Patients who were treated with a Zenith endograft were more likely to have an open cutdown than percutaneous closure (59.1% vs 40.9%, P < .001), while those who were treated with an Endurant or Excluder endograft were more likely to have a percutaneous closure than an open cutdown (73.7% vs 26.3%, P < .001; 72.9% vs 27.1% P < .001). Large sheath size (≥18 F) was used more frequently in the open cutdown group than in the percutaneous group (89.8% vs 40.5%, P < .001). The operation time was shorter for the percutaneous closure group than for the cutdown group (median 102 min vs 114 min, P < .001), as was the hospital stay (mean 3.0 d vs 3.5 d, P = .004). CFA diameter was smaller in patients receiving percutaneous closure compared to those with open cutdown (median 10.5 mm vs 11.1 mm, P < .001). Otherwise, no significant differences between groups were found with respect to baseline characteristics. (Table 1.)

Table 1.

Baseline Characteristics of the Percutaneous Closure and Open Cutdown Groups.

	Percutaneous	Open	P
	n = 257	n = 186	P
Age (y), median	76.3	77.9	.192
Q1; Q3	71.3; 82.1	72.6; 82.0
Male	86.8	89.2	.465
Urgent	5.4	4.8	.831
Anticoagulation	21.8	25.3	.426
Diabetes	21.0	16.1	.220
Dyslipidemia	46.7	46.8	.986
Hypertension	65.0	62.9	.689
Coronary disease	44.4	53.8	.054
Cerebrovascular disease	14.8	19.4	.245
Pulmonal	19.5	22.6	.477
Renal insufficiency	26.8	26.3	.914
Peripheral artery disease	5.4	5.4	.974
Smoking
Current	32.1	27.0	.473
Ex-smoker	41.4	49.0
Never	26.5	24.0
Body mass index	26.2	26.1	.892
Q1; Q3	23.7; 29.1	24.2; 29.1
CFA calcification
No	58.0	60.2	.587
Yes, <50%	30.0	25.8
≥50%	12.1	14.0
CFA diameter (mm), median	10.5	11.1	< .001
Q1; Q3	9.7; 12.0	10.0; 12.7
Distance from skin to CFA (mm), median	28.3	30.0	.453
Q1; Q3	21.0; 38.5	21.3; 38.7
Sheath size
12 - 16 F	59.5	10.2	< .001
18 - 20 F	40.5	89.8
Operation time (min), median	102	114	< .001
Q1; Q3	84; 120	96; 138
Length of hospitalisation (d), mean +/− SD	3.0 +/−1.9	3.5 +/−1.7	.004

Note: Values are presented as percentages unless stated otherwise. CFA = common femoral artery.

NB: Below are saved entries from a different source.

(* Let $Q$ be an $ADE$ Dynkin type quiver and $\mathcal{E}$ an exact structure on $\operatorname{rep}(Q)$. Let $T,T'\in\operatorname{Tilt}(Q)$. If $T'\approx_{\mathcal{E}}T$, then $\operatorname{GS}_{\mathcal{E}}(T')=\operatorname{GS}_{\mathcal{E}}(T)$.
   Context: $Q$ is a quiver whose underlying graph is a Dynkin diagram of type $A_n$, $D_n$ ($n\ge4$), $E_6$, $E_7$ or $E_8$; $\operatorname{rep}(Q)$ is the (hereditary, abelian) category of finite-dimensional representations over an algebraically closed field. Subcategories are full and additive (closed under finite sums and summands). An exact structure $\mathcal{E}$ is a class of short exact sequences closed under isomorphism, containing split sequences, whose $\mathcal{E}$-monomorphisms and $\mathcal{E}$-epimorphisms are closed under composition, and closed under pushouts and pullbacks along arbitrary morphisms. $\operatorname{Gen}_{\mathcal{E}}(\mathscr{C})$: additively generated by cokernels of $\mathcal{E}$-monomorphisms $X\to Y$ with $Y\in\mathscr{C}$; $\operatorname{Sub}_{\mathcal{E}}(\mathscr{C})$: additively generated by kernels of $\mathcal{E}$-epimorphisms $Y\to X$ with $Y\in\mathscr{C}$; $\operatorname{GS}^0_{\mathcal{E}}(\mathscr{C})=\mathscr{C}$, $\operatorname{GS}^i_{\mathcal{E}}(\mathscr{C})$ additively generated by $\operatorname{Gen}_{\mathcal{E}}(\operatorname{GS}^{i-1}_{\mathcal{E}}(\mathscr{C}))\cup\operatorname{Sub}_{\mathcal{E}}(\operatorname{GS}^{i-1}_{\mathcal{E}}(\mathscr{C}))$, $\operatorname{GS}_{\mathcal{E}}(\mathscr{C})=\bigcup_i\operatorname{GS}^i_{\mathcal{E}}(\mathscr{C})$, $\operatorname{GS}_{\mathcal{E}}(T)=\operatorname{GS}_{\mathcal{E}}(\operatorname{add}T)$. $\operatorname{Tilt}(Q)$ is the set of isomorphism classes of tilting representations ($\operatorname{Ext}^1(T,T)=0$ and each projective $P$ fits in $0\to P\to T_0\to T_1\to0$ with $T_i\in\operatorname{add}T$). Approximations: for a subcategory $\mathscr{M}$, a left $\mathscr{M}$-approximation of $X$ is $f:X\to C$, $C\in\mathscr{M}$, through which every map from $X$ to an object of $\mathscr{M}$ factors; minimal if every $\alpha:C\to C$ with $\alpha f=f$ is an isomorphism; a left $(\mathscr{M},\mathcal{E})$-approximation if also $f$ is an $\mathcal{E}$-monomorphism; right versions $g:C\to X$ are dual ($g\beta=g$, $g$ an $\mathcal{E}$-epimorphism). For $T\in\operatorname{Tilt}(Q)$ and indecomposable $U$: if $U$ is a summand, $T=\widetilde T\oplus U$, and $U$ has a minimal left $(\operatorname{add}\widetilde T,\mathcal{E})$-approximation $f$, then $T$ admits a left $\mathcal{E}$-mutation at $U$ and $\mu^-_{U,\mathcal{E}}(T)=\widetilde T\oplus\operatorname{Coker}f$; if $U$ has a minimal right $(\operatorname{add}\widetilde T,\mathcal{E})$-approximation $g$, $T$ admits a right $\mathcal{E}$-mutation and $\mu^+_{U,\mathcal{E}}(T)=\widetilde T\oplus\operatorname{Ker}g$ (at most one of these occurs). $\mu_{U,\mathcal{E}}(T)$ is $\mu^-_{U,\mathcal{E}}(T)$, resp. $\mu^+_{U,\mathcal{E}}(T)$, if the corresponding mutation exists, and $T$ otherwise. $T\approx_{\mathcal{E}}T'$ iff $T'\cong\mu_{U_m,\mathcal{E}}\circ\cdots\circ\mu_{U_1,\mathcal{E}}(T)$ for some indecomposables $U_1,\dots,U_m$ ($m\ge0$). *)

theory Defs
  imports "Jordan_Normal_Form.Matrix" "HOL-Computational_Algebra.Polynomial"
begin

definition alg_closed :: "'k::field itself \<Rightarrow> bool" where
  "alg_closed _ \<longleftrightarrow> (\<forall>p :: 'k poly. degree p > 0 \<longrightarrow> (\<exists>x. poly p x = 0))"
lemma distr_distr_left_inverse:
  assumes f: "f \<in> X \<rightarrow>\<^sub>M Y" and g: "g \<in> Y \<rightarrow>\<^sub>M X" and gf: "\<And>x. x \<in> space X \<Longrightarrow> g (f x) = x"
    and \<mu>: "\<mu> \<in> space (prob_algebra X)"
  shows "distr (distr \<mu> Y f) X g = \<mu>"
proof -
  have "distr (distr \<mu> Y f) X g = distr \<mu> X (g \<circ> f)"
    by (rule distr_distr[OF g measurable_in_prob_algebra[OF \<mu> f]])
  also have "\<dots> = distr \<mu> X (\<lambda>x. x)"
    by (rule distr_cong) (auto simp: gf space_in_prob_algebra[OF \<mu>])
  finally show ?thesis using distr_id2[OF sets_in_prob_algebra[OF \<mu>, symmetric]] by simp
qed

lemma distr_nbhd_image:
  assumes f: "f \<in> X \<rightarrow>\<^sub>M Y" and g: "g \<in> Y \<rightarrow>\<^sub>M X"
    and gf: "\<And>x. x \<in> space X \<Longrightarrow> g (f x) = x" and img: "f ` space X \<in> sets Y"
    and \<pi>: "\<pi> \<in> space (prob_algebra X)" and M: "0 \<le> M"
  shows "(\<lambda>\<mu>. distr \<mu> Y f) ` nbhd X \<pi> M = nbhd Y (distr \<pi> Y f) M"
proof
  show "(\<lambda>\<mu>. distr \<mu> Y f) ` nbhd X \<pi> M \<subseteq> nbhd Y (distr \<pi> Y f) M"
    using nbhd_distr[OF f \<pi>] by blast
next
  have \<pi>Y: "distr \<pi> Y f \<in> space (prob_algebra Y)" by (rule distr_in_space_prob_algebra[OF \<pi> f])
  show "nbhd Y (distr \<pi> Y f) M \<subseteq> (\<lambda>\<mu>. distr \<mu> Y f) ` nbhd X \<pi> M"
  proof
    fix \<mu>' assume \<mu>': "\<mu>' \<in> nbhd Y (distr \<pi> Y f) M"
    then have \<mu>'Y: "\<mu>' \<in> space (prob_algebra Y)" by (simp add: nbhd_def)
    have "distr \<mu>' X g \<in> nbhd X (distr (distr \<pi> Y f) X g) M" by (rule nbhd_distr[OF g \<pi>Y \<mu>'])
    moreover have "distr (distr \<pi> Y f) X g = \<pi>" by (rule distr_distr_left_inverse[OF f g gf \<pi>])
    moreover have "distr (distr \<mu>' X g) Y f = \<mu>'"
    proof -
      have "f -` (space Y - f ` space X) \<inter> space X = {}" by blast
      then have "emeasure (distr \<pi> Y f) (space Y - f ` space X) = 0"
        using emeasure_distr[OF measurable_in_prob_algebra[OF \<pi> f], of "space Y - f ` space X"] img
          space_in_prob_algebra[OF \<pi>] by auto
      then have "AE y in distr \<pi> Y f. y \<in> f ` space X"
        using img by (intro AE_I[where N="space Y - f ` space X"]) auto
      then have "AE y in \<mu>'. y \<in> f ` space X"
        using absolutely_continuous_AE[OF _ nbhd_absolutely_continuous[OF \<mu>' \<pi>Y M]]
          sets_in_prob_algebra[OF \<mu>'Y] by simp
      then have ae: "AE y in \<mu>'. f (g y) = y" by eventually_elim (auto simp: gf)
      have "distr (distr \<mu>' X g) Y f = distr \<mu>' Y (f \<circ> g)"
        by (rule distr_distr[OF f measurable_in_prob_algebra[OF \<mu>'Y g]])
      also have "\<dots> = distr \<mu>' Y (\<lambda>y. y)"
        by (rule distr_cong_AE[OF refl refl])
          (use ae measurable_in_prob_algebra[OF \<mu>'Y measurable_comp[OF g f]]
             measurable_ident_sets[OF sets_in_prob_algebra[OF \<mu>'Y]] in \<open>auto simp: o_def\<close>)
      finally show ?thesis using distr_id2[OF sets_in_prob_algebra[OF \<mu>'Y, symmetric]] by simp
    qed
    ultimately show "\<mu>' \<in> (\<lambda>\<mu>. distr \<mu> Y f) ` nbhd X \<pi> M"
      by (intro image_eqI[where x="distr \<mu>' X g"]) auto
  qed
qed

The 30-day mortality was similar in both groups. Seven access sites required an early reoperation, which occurred at 0-29 days postoperatively, with a median of .5 days for the percutaneous closure group and 4 days for the open cutdown group (P = .400). Any clinically relevant complication occurred at 7 access sites (2.7%) in the percutaneous group and at 8 access sites (4.3%) in the open cutdown group, but this difference was not statistically significant (P = .429). Two access sites in the percutaneous group developed 2 different complications. No significant differences between the groups were found according to the complication rates (Table 2).

Table 2.

Comparison of Complications Between the Percutaneous Closure and Open Cutdown Groups.

	Percutaneous	Open	P
	n = 257	n = 186	P
30d mortality	3 (1.2)	1 (.5)	.642
Reoperation	4 (1.6)	3 (1.6)	.962
Any clinically significant complication	7 (2.7)	8 (4.3)	.429
Wound infection	1 (.4)	5 (2.7)	.087
Thrombosis	2 (.4)	0 (.0)	.512
Seroma	0 (.0)	1 (.5)	.420
Any bleeding/pseudoaneurysm	6 (2.3)	2 (1.1)	.477
Pseudoaneurysm and reoperation	0 (.0)	0 (.0)
Pseudoaneurysm and thrombin	3 (1.2)	0 (.0)
Acute bleeding	3 (1.2)	0 (.0)
Hematoma evacuation	0 (.0)	2 (1.1)

Note: Values are presented as number (%).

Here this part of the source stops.